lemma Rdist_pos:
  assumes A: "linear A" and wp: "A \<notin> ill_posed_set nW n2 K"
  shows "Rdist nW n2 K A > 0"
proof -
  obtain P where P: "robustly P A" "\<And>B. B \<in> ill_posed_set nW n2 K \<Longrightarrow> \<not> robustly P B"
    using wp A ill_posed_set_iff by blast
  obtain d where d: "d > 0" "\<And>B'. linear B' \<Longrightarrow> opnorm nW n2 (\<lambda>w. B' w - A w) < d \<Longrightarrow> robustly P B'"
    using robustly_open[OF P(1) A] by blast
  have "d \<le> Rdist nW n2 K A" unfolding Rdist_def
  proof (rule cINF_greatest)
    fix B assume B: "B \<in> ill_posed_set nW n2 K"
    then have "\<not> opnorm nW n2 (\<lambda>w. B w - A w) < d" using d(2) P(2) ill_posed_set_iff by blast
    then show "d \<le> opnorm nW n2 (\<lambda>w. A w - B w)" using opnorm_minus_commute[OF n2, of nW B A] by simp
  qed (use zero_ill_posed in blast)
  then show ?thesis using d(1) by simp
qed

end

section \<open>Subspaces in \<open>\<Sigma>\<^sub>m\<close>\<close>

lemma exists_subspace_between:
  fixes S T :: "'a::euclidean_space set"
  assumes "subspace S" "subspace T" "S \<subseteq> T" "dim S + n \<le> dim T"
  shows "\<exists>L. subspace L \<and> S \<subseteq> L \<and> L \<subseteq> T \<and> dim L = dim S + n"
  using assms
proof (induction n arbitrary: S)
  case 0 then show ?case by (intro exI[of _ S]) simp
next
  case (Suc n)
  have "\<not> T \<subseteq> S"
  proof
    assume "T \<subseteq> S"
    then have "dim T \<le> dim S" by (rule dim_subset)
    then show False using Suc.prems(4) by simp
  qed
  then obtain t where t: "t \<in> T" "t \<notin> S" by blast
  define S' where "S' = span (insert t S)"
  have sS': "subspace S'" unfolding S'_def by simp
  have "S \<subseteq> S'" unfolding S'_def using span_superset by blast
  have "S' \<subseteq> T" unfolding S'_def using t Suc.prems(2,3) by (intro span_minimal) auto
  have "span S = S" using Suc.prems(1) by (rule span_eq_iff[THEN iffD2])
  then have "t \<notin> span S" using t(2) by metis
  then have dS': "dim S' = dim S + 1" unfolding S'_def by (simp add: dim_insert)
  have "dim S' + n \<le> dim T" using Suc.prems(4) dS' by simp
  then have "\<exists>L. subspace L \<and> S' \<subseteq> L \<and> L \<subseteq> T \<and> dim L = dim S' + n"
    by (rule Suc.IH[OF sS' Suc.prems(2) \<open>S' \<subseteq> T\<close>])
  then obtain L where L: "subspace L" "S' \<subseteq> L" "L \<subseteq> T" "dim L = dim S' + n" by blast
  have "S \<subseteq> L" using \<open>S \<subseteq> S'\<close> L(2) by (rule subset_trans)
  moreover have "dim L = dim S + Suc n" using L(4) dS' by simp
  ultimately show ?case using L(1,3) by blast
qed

+ + +

_Work to complete_
For the material above, reproduce exactly the lines from the line with "B A] by simp" to the line with "S + n \<le> dim", inclusive, and exclude all others.

_Output of the task_
    then show "d \<le> opnorm nW n2 (\<lambda>w. A w - B w)" using opnorm_minus_commute[OF n2, of nW B A] by simp
  qed (use zero_ill_posed in blast)
  then show ?thesis using d(1) by simp
qed

end

section \<open>Subspaces in \<open>\<Sigma>\<^sub>m\<close>\<close>

lemma exists_subspace_between:
  fixes S T :: "'a::euclidean_space set"
  assumes "subspace S" "subspace T" "S \<subseteq> T" "dim S + n \<le> dim T"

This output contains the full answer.